From Running and Other Stories, Modjaji Books, 2013

‘Who Will Greet You at Home’ by Lesley Nneka Arimah

This story grabs the reader from the get-go and won’t release its grip. A want-to-be mother loses her baby and immediately must craft another from found materials (wool, hair, raffia) until one is blessed and survives; “The yarn baby lasted a good month, emitting dry, cotton-soft gurgles and pooping little balls of lint, before Ogechi snagged its thigh on a nail and it unraveled.” Like all the pieces in this collection the story is both adventurous and almost too close to home in its explorations of the pains and pressures of infertility, child loss and motherhood. Babies that are “pillowy” or “porcelain” cannot become flesh because ‘Soft children with hard lives go mad or die young’. Dreams and emotions are siphoned off and traded in a strangely familiar world and relationships between women take a sinister turn.

First published in The New Yorker, October 2015 and available to subscribers to read here. Collected in What It Means When a Man Falls from the Sky, Penguin Random House, 2017

‘The Bird’ by Uschi Gatward

This is the story with the clearest arc in Uschi Gatward’s stunningly unusual collection. A newlywed couple return from honeymoon and open their wedding gifts in their new house. The woman’s nerves are already frayed when her husband wakes her to complain about a noise; “she feels like digging her nails into his arm, giving him a Chinese burn”. The persistent TAP TAP TAP turns out to be a bird trapped in the fireplace and they can’t escape from its suffering – “from its dark prison it can see the chinks of electric light”. An escalating anxiety slips into a surreal sense of wonder as the couple rescue their shiny new life from the smothering presence of the dying bird.

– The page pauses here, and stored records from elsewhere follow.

lemma fact_dvd_Nint: "fact (2*n) dvd Nint i l"
proof -
  have "(\<Prod>k<2*n. int d * l - int (s i + k)) = pochhammer (int (s i) - int d * l) (2*n)"
  proof -
    have "(\<Prod>k<2*n. int d * l - int (s i + k)) = (\<Prod>k<2*n. - (int (s i) - int d * l + int k))"
      by (intro prod.cong refl) auto
    also have "\<dots> = (\<Prod>k<2*n. int (s i) - int d * l + int k)"
      by (subst prod_uminus) simp
    finally show ?thesis by (simp add: pochhammer_prod atLeast0LessThan)
  qed
  moreover have "(\<Prod>k<2*n. int d * l + int (s (i - b) + k)) = pochhammer (int d * l + int (s (i - b))) (2*n)"
    by (simp add: pochhammer_prod atLeast0LessThan add.assoc)
  ultimately show ?thesis
    unfolding Nint_def by (auto simp: fact_dvd_pochhammer)
qed

lemma W_dvd_fact: "l \<in> I \<Longrightarrow> W l dvd fact (2*n)"
proof -
  assume l: "l \<in> I"
  then have "nat (int n + l) + nat (int n - l) = 2*n" by (auto simp: I_def)
  then have "fact (nat (int n + l)) * fact (nat (int n - l)) dvd (fact (2*n) :: int)"
    by (metis fact_fact_dvd_fact of_nat_dvd_iff of_nat_fact of_nat_mult)
  then show ?thesis using abs_W[OF l] by (metis abs_dvd_iff)
qed

lemma r_Ints: "l \<in> I \<Longrightarrow> r i l \<in> \<int>"
proof -
  assume l: "l \<in> I"
  have "W l dvd Nint i l" using W_dvd_fact[OF l] fact_dvd_Nint by (rule dvd_trans)
  then show ?thesis by (simp add: r_eq[OF l] of_int_div[symmetric])
qed

text \<open>\<open>D = lcm{1..2dn}\<close> is a multiple of every pole distance, hence the coefficients are
  \<open>D\<close>-integral of order \<open>a\<close>.\<close>

definition D :: real where "D = real (Dlcm (2*d*n))"

lemma D_Ints: "D \<in> \<int>"
  by (simp add: D_def)

lemma D_div_Ints:
  fixes z :: int
  assumes "z \<noteq> 0" "\<bar>z\<bar> \<le> 2*d*n"
  shows "D / of_int z \<in> \<int>"
proof -
  have "int (nat \<bar>z\<bar>) \<le> int (2*d*n)" using assms(2) by simp
  then have "nat \<bar>z\<bar> \<in> {1..2*d*n}" using assms(1) by (simp only: of_nat_le_iff) auto
  then have "nat \<bar>z\<bar> dvd Dlcm (2*d*n)"
    unfolding Dlcm_def by (rule dvd_Lcm)
  then have "z dvd int (Dlcm (2*d*n))"
    by (metis abs_dvd_iff int_nat_eq abs_ge_zero of_nat_dvd_iff)
  then have "D / of_int z = of_int (int (Dlcm (2*d*n)) div z)" by (simp add: D_def of_int_div)
  then show ?thesis by simp
qed

lemma D_div_x: "l \<in> I \<Longrightarrow> m \<in> I \<Longrightarrow> m \<noteq> l \<Longrightarrow> D / (x m - x l) \<in> \<int>"
proof -
  assume "l \<in> I" "m \<in> I" "m \<noteq> l"
  then have "\<bar>int d * (m - l)\<bar> \<le> int d * (2 * int n)" "int d * (m - l) \<noteq> 0"
    using d_pos by (auto simp: I_def abs_mult intro!: mult_left_mono)
  then have "D / of_int (int d * (m - l)) \<in> \<int>" by (intro D_div_Ints) (auto simp: algebra_simps)
  then show ?thesis by (simp add: x_def algebra_simps)
qed

lemma Acoef_integral: "scaled_integral D a (Acoef d a b n)"
  using prod_coeff_integral[of I r D x "a - 1"] r_Ints D_div_x a_pos by (simp add: Acoef_eq)

lemma Aj_integral:
  assumes "1 \<le> j" "j \<le> a"
  shows "real (Dlcm (2*d*n)) ^ a * Aj d a b j n \<in> \<int>"
proof -
  have "D ^ a = D ^ j * D ^ (a - j)" using assms by (simp flip: power_add)
  then have "D ^ a * Aj d a b j n = (\<Sum>l\<in>I. D ^ j * (D ^ (a - j) * Acoef d a b n l j))"
    by (simp add: Aj_def I_def sum_distrib_left mult.assoc)
  also have "\<dots> \<in> \<int>"
    using assms by (intro Ints_sum Ints_mult[OF Ints_power[OF D_Ints] scaled_integralD[OF Acoef_integral]])
  finally show ?thesis by (simp only: D_def)
qed

text \<open>The inner sums of \<open>B_m\<close> have denominators \<open>(dk + m)^j\<close> with \<open>dk + m \<le> 2dn\<close>, so
  \<open>D^j\<close> clears them; this gives integrality of \<open>D^a B_m\<close>.\<close>

definition harmonic_tail :: "nat \<Rightarrow> nat \<Rightarrow> int \<Rightarrow> real" where
  "harmonic_tail m j l = (\<Sum>k\<in>{0..<nat (int n - l)}. 1 / (real d * real k + real m) ^ j)"

lemma Bm_eq: "Bm d a b m n = (\<Sum>j=1..a. \<Sum>l\<in>I. Acoef d a b n l j * harmonic_tail m j l)"
  by (simp add: Bm_def harmonic_tail_def I_def)

lemma harmonic_tail_integral:
  assumes m: "1 \<le> m" "m \<le> d" and l: "l \<in> I"
  shows "D ^ j * harmonic_tail m j l \<in> \<int>"
proof -
  have "D ^ j * harmonic_tail m j l = (\<Sum>k\<in>{0..<nat (int n - l)}. (D / of_int (int d * int k + int m)) ^ j)"
    by (simp add: harmonic_tail_def sum_distrib_left power_divide)
  also have "\<dots> \<in> \<int>"
  proof (intro Ints_sum Ints_power D_div_Ints)
    fix k assume k: "k \<in> {0..<nat (int n - l)}"
    then have "k + 1 \<le> 2*n" using l by (auto simp: I_def)
    then have "d * k + m \<le> 2*d*n" using m mult_left_mono[of "k + 1" "2*n" d] by (simp add: algebra_simps)
    then have "int d * int k + int m \<le> int (2*d*n)" by (metis of_nat_add of_nat_le_iff of_nat_mult)
    then show "\<bar>int d * int k + int m\<bar> \<le> int (2*d*n)" by simp
    have "0 \<le> int d * int k" by simp
    then show "int d * int k + int m \<noteq> 0" using m by linarith
  qed
  finally show ?thesis .
qed

lemma Bm_integral:
  assumes "1 \<le> m" "m \<le> d"
  shows "real (Dlcm (2*d*n)) ^ a * Bm d a b m n \<in> \<int>"
proof -
  have "D ^ a * Bm d a b m n = (\<Sum>j=1..a. \<Sum>l\<in>I.
      (D ^ (a - j) * Acoef d a b n l j) * (D ^ j * harmonic_tail m j l))"
    unfolding Bm_eq sum_distrib_left
    by (intro sum.cong refl) (simp add: mult_ac flip: power_add)
  also have "\<dots> \<in> \<int>"
    using assms
    by (intro Ints_sum Ints_mult[OF scaled_integralD[OF Acoef_integral] harmonic_tail_integral]) auto
  finally show ?thesis by (simp only: D_def)
qed

text \<open>Size of the residues: \<open>|Nint i l| \<le> Nbound i\<close>, and summing
  \<open>1 / ((n+l)!(n-l)!)\<close> over \<open>l\<close> gives \<open>\<Sum>l |r i l| \<le> 4^n Nbound i / (2n)!\<close>.\<close>

definition block :: "nat \<Rightarrow> real" where
  "block i = (\<Prod>k<2*n. real (2*d*n + 2*n*i + 1 + k))"

definition Nbound :: "nat \<Rightarrow> real" where
  "Nbound i = (if i < b then block i else if i < 2*b then block (i - b) else fact (2*n))"

lemma abs_Nint_le:
  assumes l: "l \<in> I"
  shows "\<bar>real_of_int (Nint i l)\<bar> \<le> Nbound i"
proof -
  have dl: "\<bar>real d * of_int l\<bar> \<le> real d * real n"
    using l by (auto simp: I_def abs_mult abs_le_iff intro!: mult_left_mono)
  have factor: "\<bar>real d * of_int l - \<sigma> * real (s j + k)\<bar> \<le> real (2*d*n + 2*n*j + 1 + k)"
    if "\<bar>\<sigma>\<bar> = 1" for \<sigma> :: real and j k
  proof -
    have "\<bar>real d * of_int l - \<sigma> * real (s j + k)\<bar> \<le> \<bar>real d * of_int l\<bar> + real (s j + k)"
      using abs_triangle_ineq4[of "real d * of_int l" "\<sigma> * real (s j + k)"] that by (simp add: abs_mult)
    then show ?thesis using dl by (simp add: s_def)
  qed
  have blocks: "(\<Prod>k<2*n. \<bar>real d * of_int l - \<sigma> * real (s j + k)\<bar>) \<le> block j"
    if "\<bar>\<sigma>\<bar> = 1" for \<sigma> :: real and j
    unfolding block_def by (intro prod_mono conjI abs_ge_zero factor that)
  consider "i < b" | "\<not> i < b" "i < 2*b" | "\<not> i < 2*b" by blast
  then show ?thesis
  proof cases
    case 1
    then show ?thesis using blocks[of 1 i] by (simp add: Nint_def Nbound_def abs_prod)
  next
    case 2
    then show ?thesis using blocks[of "-1" "i - b"] by (simp add: Nint_def Nbound_def abs_prod algebra_simps)
  qed (simp add: Nint_def Nbound_def)
qed

lemma residue_mass: "(\<Sum>l\<in>I. \<bar>r i l\<bar>) \<le> 4^n * (Nbound i / fact (2*n))"
proof -
  have "(\<Sum>l\<in>I. \<bar>r i l\<bar>)
      \<le> (\<Sum>l\<in>I. Nbound i / fact (2*n) * (fact (2*n) / (fact (nat (int n + l)) * fact (nat (int n - l)))))"
  proof (intro sum_mono)
    fix l assume l: "l \<in> I"
    have "\<bar>real_of_int (W l)\<bar> = fact (nat (int n + l)) * fact (nat (int n - l))"
      using abs_W[OF l] by (metis of_int_abs of_int_fact of_int_mult)
    then have "\<bar>r i l\<bar> = \<bar>real_of_int (Nint i l)\<bar> / (fact (nat (int n + l)) * fact (nat (int n - l)))"
      by (simp add: r_eq[OF l])
    also have "\<dots> \<le> Nbound i / (fact (nat (int n + l)) * fact (nat (int n - l)))"
      by (intro divide_right_mono abs_Nint_le l) auto
    finally show "\<bar>r i l\<bar> \<le> Nbound i / fact (2*n) * (fact (2*n) / (fact (nat (int n + l)) * fact (nat (int n - l))))"
      by simp
  qed
  also have "\<dots> = Nbound i / fact (2*n) * 4^n"
    by (simp only: I_def central_binomial_row flip: sum_distrib_left)
  finally show ?thesis by (simp only: mult.commute)
qed

text \<open>The product of all these bounds is a squared multinomial coefficient, which is at most
  \<open>exp(C n)\<close> after the factor \<open>4^(an)\<close>.\<close>

lemma prod_block: "(\<Prod>i<b. block i) = fact (2*d*n + 2*n*b) / fact (2*d*n)"
  using prod_blocks[of real "2*d*n" "2*n" b] by (simp add: block_def prod_greaterThanAtMost_fact add.assoc)

lemma prod_Nbound: "(\<Prod>i<a. Nbound i / fact (2*n)) = (fact (2*d*n + 2*n*b) / (fact (2*d*n) * fact (2*n) ^ b))^2"
proof -
  let ?f = "\<lambda>i. Nbound i / fact (2*n)"
  have "(\<Prod>i<a. ?f i) = prod ?f {0..<b} * prod ?f {b..<2*b} * prod ?f {2*b..<a}"
    using two_b_le_a by (simp add: atLeast0LessThan[symmetric] prod.atLeastLessThan_concat)
  also have "prod ?f {0..<b} = (\<Prod>i<b. block i / fact (2*n))"
    by (intro prod.cong) (auto simp: Nbound_def)
  also have "prod ?f {b..<2*b} = (\<Prod>i<b. block i / fact (2*n))"
    using prod.shift_bounds_nat_ivl[of ?f 0 b b] by (simp add: mult_2 atLeast0LessThan Nbound_def)
  also have "prod ?f {2*b..<a} = 1"
    by (intro prod.neutral) (auto simp: Nbound_def)
  also have "(\<Prod>i<b. block i / fact (2*n)) = fact (2*d*n + 2*n*b) / (fact (2*d*n) * fact (2*n) ^ b)"
    by (simp add: prod_dividef prod_block)
  finally show ?thesis by (simp add: power2_eq_square)
qed

lemma multinomial_ratio_le:
  "fact (2*d*n + 2*n*b) / (fact (2*d*n) * fact (2*n) ^ b)
    \<le> real (2*n*(d+b)) ^ (2*n*(d+b)) / (real (2*n*d) ^ (2*n*d) * real (2*n) ^ (2*n*b))"
proof -
  define F where "F = (fact (2*n*d + b*(2*n)) :: real)"
  define B where "B = (fact (2*n*d) * fact (2*n) ^ b :: real)"
  define Y where "Y = real (2*n*d + b*(2*n)) ^ (2*n*d + b*(2*n))"
  define E where "E = real (2*n*d) ^ (2*n*d) * real (2*n) ^ (b*(2*n))"
  have pos: "B > 0" "E > 0" using d_pos n_pos by (simp_all add: B_def E_def)
  have "F / B = (F * E) / (B * E)" using pos by simp
  also have "\<dots> \<le> (Y * B) / (B * E)"
    using multinomial_power_bound[of "2*n*d" b "2*n"] pos
    by (intro divide_right_mono) (simp_all add: F_def B_def Y_def E_def)
  also have "\<dots> = Y / E" using pos by simp
  finally have "F / B \<le> Y / E" .
  moreover have "2*d*n + 2*n*b = 2*n*d + b*(2*n)" "2*n*(d+b) = 2*n*d + b*(2*n)" "2*n*b = b*(2*n)"
    "2*d*n = 2*n*d"
    by (simp_all add: algebra_simps)
  ultimately show ?thesis by (simp only: F_def B_def Y_def E_def)
qed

First published in English Magic, Galley Beggar Press, 2021

‘Consolata’ by Nuala O’Connor (aka Nuala Ní Chonchúir)

A young woman takes her boyfriend back to her rural childhood home where her mother is now living alone after her father’s death. The animalistic details – her mother “snuffling after me like a resolute badger”, her partner “like a pet while he sleeps” – bring a physicality to the story that extends to the sense of place. In the graveyard she reflects that “the ecology of this place is sewn into me”. As she passes through ‘the black crosses to the yew tree’ and slips under its “umbrella” we learn that the reason for this connection is not fond memory but bitter betrayal. What I admire most about this story is its calm humour as the narrator returns from the “pantomiming” pretence of her past to the present in which “we drink, talk and ponder it all until the April sun drops behind the orchard and is gone.”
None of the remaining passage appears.